Collected data entries:

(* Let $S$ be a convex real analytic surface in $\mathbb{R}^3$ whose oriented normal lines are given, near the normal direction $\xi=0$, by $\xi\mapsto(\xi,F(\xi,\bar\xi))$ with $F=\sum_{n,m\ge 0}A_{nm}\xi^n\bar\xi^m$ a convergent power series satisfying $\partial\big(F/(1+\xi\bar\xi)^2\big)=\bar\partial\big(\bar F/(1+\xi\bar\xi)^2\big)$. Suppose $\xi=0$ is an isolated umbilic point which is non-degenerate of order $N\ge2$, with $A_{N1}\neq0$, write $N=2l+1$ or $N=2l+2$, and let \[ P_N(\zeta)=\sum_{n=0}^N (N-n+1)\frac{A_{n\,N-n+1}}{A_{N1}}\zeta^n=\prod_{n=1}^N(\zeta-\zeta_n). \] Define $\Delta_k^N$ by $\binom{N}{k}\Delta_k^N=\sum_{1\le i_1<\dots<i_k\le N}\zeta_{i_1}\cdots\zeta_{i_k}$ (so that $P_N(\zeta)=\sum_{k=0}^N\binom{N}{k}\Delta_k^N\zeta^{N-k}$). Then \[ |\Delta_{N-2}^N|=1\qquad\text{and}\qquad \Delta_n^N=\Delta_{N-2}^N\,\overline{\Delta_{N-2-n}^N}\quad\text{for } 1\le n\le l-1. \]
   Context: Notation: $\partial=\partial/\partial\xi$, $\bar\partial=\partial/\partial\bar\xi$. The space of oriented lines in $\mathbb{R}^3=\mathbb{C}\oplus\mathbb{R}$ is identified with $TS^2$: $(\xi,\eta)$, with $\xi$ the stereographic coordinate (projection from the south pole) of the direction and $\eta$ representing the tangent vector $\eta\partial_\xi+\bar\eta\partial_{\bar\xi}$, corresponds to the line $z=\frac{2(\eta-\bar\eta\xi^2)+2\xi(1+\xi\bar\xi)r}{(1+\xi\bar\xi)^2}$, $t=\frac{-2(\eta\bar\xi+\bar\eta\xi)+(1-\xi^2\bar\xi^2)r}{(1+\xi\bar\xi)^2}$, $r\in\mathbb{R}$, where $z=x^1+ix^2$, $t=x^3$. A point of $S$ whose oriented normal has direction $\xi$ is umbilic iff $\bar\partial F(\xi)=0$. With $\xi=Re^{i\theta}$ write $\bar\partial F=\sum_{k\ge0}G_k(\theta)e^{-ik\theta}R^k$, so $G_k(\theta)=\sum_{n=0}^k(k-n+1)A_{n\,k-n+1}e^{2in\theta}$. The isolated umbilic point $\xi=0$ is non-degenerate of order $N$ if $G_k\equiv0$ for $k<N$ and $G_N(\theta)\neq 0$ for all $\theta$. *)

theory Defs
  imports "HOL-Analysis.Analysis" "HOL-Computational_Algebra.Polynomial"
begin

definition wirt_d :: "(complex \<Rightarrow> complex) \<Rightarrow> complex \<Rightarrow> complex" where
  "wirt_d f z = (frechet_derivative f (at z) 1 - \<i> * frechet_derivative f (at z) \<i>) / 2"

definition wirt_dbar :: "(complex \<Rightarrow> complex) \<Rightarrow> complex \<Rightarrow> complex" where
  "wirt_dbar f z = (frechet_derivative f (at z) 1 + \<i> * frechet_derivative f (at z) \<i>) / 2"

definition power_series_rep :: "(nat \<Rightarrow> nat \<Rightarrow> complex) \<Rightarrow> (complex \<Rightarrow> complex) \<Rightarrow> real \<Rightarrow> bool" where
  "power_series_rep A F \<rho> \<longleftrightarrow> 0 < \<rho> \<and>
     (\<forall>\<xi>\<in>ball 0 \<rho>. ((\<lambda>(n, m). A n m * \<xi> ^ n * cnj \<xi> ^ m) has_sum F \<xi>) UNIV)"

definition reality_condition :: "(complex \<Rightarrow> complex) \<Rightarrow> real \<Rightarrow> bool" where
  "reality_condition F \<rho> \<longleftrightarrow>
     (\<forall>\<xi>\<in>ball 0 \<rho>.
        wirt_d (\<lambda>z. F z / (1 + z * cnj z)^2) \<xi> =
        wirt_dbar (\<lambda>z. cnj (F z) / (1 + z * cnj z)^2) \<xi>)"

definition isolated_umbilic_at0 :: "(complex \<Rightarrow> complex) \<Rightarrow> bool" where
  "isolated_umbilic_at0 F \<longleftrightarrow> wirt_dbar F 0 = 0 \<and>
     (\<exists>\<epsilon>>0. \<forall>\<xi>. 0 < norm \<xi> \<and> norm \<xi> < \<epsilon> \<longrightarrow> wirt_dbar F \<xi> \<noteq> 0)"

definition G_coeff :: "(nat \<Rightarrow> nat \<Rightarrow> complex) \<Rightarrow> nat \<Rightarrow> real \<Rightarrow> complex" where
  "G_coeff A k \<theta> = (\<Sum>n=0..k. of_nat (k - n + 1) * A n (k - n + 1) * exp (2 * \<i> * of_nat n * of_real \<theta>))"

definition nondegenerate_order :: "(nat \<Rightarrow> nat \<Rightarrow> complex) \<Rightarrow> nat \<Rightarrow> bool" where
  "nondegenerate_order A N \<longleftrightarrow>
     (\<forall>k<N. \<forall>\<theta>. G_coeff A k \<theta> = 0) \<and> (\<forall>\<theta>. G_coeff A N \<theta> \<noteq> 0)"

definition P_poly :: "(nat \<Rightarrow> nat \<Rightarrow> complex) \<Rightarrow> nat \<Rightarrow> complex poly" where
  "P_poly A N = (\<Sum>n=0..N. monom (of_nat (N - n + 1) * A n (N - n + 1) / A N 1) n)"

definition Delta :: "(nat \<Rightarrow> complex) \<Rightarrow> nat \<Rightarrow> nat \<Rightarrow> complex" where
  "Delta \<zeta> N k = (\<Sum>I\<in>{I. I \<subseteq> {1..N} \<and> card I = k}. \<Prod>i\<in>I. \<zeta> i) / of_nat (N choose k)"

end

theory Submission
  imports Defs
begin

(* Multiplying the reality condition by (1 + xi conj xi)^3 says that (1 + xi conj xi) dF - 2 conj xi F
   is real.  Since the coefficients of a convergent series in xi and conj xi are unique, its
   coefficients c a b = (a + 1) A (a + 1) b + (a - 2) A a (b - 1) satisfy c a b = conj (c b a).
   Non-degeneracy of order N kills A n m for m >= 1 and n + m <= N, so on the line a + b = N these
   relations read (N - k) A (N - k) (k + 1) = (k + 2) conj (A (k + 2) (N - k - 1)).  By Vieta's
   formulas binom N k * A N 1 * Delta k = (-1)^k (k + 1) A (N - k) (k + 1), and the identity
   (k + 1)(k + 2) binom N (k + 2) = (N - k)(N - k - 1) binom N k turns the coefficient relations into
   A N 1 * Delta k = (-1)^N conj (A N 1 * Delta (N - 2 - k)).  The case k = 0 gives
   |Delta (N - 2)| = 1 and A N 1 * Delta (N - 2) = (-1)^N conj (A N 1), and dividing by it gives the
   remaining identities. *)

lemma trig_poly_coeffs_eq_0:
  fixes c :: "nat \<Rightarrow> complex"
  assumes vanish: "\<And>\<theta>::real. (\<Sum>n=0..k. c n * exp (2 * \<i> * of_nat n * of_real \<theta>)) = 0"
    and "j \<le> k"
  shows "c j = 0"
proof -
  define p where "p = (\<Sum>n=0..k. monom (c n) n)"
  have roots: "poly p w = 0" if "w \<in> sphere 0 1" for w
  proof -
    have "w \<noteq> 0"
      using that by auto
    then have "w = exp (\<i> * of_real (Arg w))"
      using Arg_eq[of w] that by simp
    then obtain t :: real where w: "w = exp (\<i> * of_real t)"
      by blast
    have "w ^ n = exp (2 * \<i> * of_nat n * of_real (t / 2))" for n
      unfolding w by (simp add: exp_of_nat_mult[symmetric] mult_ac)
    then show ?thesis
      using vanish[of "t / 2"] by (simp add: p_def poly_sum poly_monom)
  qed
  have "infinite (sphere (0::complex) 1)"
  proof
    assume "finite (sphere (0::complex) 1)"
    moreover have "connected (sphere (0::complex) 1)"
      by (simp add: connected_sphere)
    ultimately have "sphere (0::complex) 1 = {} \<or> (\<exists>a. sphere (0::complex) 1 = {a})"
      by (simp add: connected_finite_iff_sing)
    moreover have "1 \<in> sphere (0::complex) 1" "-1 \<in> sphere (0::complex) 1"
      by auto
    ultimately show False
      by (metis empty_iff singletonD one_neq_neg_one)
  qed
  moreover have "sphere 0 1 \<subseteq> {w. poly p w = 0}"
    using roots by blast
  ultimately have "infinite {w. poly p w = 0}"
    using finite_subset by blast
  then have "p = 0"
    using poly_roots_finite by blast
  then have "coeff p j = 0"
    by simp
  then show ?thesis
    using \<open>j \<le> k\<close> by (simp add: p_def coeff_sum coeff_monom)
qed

---

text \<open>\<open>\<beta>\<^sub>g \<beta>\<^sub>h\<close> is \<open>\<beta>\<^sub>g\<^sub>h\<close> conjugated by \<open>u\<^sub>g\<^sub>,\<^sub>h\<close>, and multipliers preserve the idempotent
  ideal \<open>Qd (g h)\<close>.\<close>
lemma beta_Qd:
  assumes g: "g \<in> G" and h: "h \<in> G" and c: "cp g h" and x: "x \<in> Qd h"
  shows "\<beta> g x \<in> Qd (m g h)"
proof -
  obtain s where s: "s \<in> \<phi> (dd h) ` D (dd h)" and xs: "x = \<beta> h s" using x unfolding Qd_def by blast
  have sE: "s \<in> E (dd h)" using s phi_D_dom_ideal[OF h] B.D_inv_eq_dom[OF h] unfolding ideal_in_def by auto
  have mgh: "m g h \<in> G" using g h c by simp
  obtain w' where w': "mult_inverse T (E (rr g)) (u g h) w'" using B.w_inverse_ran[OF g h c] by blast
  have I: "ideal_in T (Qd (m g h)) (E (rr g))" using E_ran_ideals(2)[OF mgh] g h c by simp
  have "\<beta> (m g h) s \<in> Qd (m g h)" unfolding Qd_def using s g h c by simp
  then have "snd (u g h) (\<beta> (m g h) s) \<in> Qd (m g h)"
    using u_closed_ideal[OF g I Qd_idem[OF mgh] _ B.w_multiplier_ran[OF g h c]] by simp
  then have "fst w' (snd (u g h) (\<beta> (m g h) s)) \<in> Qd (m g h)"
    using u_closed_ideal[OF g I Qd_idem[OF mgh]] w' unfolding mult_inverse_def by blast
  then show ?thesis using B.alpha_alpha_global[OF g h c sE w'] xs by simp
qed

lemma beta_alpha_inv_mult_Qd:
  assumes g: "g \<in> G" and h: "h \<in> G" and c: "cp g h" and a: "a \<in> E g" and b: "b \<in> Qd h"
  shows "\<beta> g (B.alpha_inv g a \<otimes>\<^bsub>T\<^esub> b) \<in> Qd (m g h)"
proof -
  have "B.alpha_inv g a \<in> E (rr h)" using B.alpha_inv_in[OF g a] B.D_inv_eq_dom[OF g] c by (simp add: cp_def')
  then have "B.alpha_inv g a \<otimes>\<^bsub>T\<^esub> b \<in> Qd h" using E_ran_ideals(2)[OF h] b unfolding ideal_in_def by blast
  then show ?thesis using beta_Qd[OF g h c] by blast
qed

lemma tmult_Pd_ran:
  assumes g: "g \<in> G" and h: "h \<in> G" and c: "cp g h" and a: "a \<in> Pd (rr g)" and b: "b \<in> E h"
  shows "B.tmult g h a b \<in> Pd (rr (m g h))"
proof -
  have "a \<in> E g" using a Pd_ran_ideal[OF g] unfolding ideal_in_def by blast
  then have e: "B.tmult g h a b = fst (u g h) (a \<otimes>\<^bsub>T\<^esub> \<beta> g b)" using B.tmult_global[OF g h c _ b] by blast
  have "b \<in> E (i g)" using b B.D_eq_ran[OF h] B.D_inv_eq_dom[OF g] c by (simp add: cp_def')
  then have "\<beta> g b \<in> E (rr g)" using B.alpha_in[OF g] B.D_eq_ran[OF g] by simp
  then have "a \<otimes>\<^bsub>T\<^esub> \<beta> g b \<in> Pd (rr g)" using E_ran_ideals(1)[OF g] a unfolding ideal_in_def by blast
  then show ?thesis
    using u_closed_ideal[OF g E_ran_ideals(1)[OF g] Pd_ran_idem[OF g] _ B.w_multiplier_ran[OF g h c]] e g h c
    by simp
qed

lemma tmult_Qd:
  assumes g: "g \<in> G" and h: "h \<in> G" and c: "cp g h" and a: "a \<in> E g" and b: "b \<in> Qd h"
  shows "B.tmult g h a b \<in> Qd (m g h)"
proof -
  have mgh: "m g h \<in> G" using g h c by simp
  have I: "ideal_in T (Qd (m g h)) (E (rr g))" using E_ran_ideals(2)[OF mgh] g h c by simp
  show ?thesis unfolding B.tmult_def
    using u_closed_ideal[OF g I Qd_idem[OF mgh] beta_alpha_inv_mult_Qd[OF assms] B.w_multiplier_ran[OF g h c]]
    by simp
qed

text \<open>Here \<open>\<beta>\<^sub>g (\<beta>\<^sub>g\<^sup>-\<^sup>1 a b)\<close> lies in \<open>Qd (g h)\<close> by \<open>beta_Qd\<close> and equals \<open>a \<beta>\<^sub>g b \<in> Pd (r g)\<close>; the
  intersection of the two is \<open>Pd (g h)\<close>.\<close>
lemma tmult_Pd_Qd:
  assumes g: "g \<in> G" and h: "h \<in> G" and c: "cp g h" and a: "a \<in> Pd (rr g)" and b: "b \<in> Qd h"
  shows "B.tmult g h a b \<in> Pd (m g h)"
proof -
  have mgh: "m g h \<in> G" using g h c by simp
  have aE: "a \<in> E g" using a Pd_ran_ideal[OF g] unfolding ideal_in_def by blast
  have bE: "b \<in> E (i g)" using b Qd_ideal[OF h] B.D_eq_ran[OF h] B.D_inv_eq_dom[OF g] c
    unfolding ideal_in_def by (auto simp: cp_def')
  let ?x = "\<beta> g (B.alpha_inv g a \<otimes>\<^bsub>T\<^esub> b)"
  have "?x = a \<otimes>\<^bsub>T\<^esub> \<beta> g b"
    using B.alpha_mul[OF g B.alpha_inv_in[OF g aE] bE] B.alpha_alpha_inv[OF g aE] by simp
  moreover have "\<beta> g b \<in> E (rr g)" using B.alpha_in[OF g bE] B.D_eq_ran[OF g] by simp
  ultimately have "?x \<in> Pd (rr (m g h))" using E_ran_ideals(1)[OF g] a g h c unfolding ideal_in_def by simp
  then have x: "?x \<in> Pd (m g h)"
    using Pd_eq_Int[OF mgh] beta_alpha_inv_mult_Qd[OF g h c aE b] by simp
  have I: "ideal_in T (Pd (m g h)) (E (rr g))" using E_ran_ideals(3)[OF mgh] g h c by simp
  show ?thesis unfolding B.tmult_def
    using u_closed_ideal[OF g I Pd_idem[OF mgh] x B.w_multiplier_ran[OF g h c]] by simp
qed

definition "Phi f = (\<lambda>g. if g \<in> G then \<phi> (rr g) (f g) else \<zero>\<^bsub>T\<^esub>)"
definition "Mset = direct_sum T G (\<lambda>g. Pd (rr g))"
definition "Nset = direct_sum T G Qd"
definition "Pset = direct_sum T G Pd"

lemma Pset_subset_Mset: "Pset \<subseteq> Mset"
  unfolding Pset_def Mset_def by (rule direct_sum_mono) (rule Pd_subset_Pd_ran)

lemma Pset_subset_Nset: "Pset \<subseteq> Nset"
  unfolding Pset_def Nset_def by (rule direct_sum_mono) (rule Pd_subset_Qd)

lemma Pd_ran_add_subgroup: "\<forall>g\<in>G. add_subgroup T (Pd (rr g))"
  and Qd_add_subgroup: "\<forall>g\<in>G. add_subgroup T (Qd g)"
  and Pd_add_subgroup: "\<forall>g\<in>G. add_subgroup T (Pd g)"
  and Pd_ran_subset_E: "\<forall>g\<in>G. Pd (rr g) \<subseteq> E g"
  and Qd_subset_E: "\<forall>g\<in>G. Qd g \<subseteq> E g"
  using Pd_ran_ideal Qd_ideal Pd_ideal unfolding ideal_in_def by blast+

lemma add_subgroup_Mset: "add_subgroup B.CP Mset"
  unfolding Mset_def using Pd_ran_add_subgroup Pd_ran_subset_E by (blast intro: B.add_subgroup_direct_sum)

▶ Work order: Every line in the records above that contains the word "coefficients" should be copied out.

▶ Written response:
   is real.  Since the coefficients of a convergent series in xi and conj xi are unique, its
   coefficients c a b = (a + 1) A (a + 1) b + (a - 2) A a (b - 1) satisfy c a b = conj (c b a).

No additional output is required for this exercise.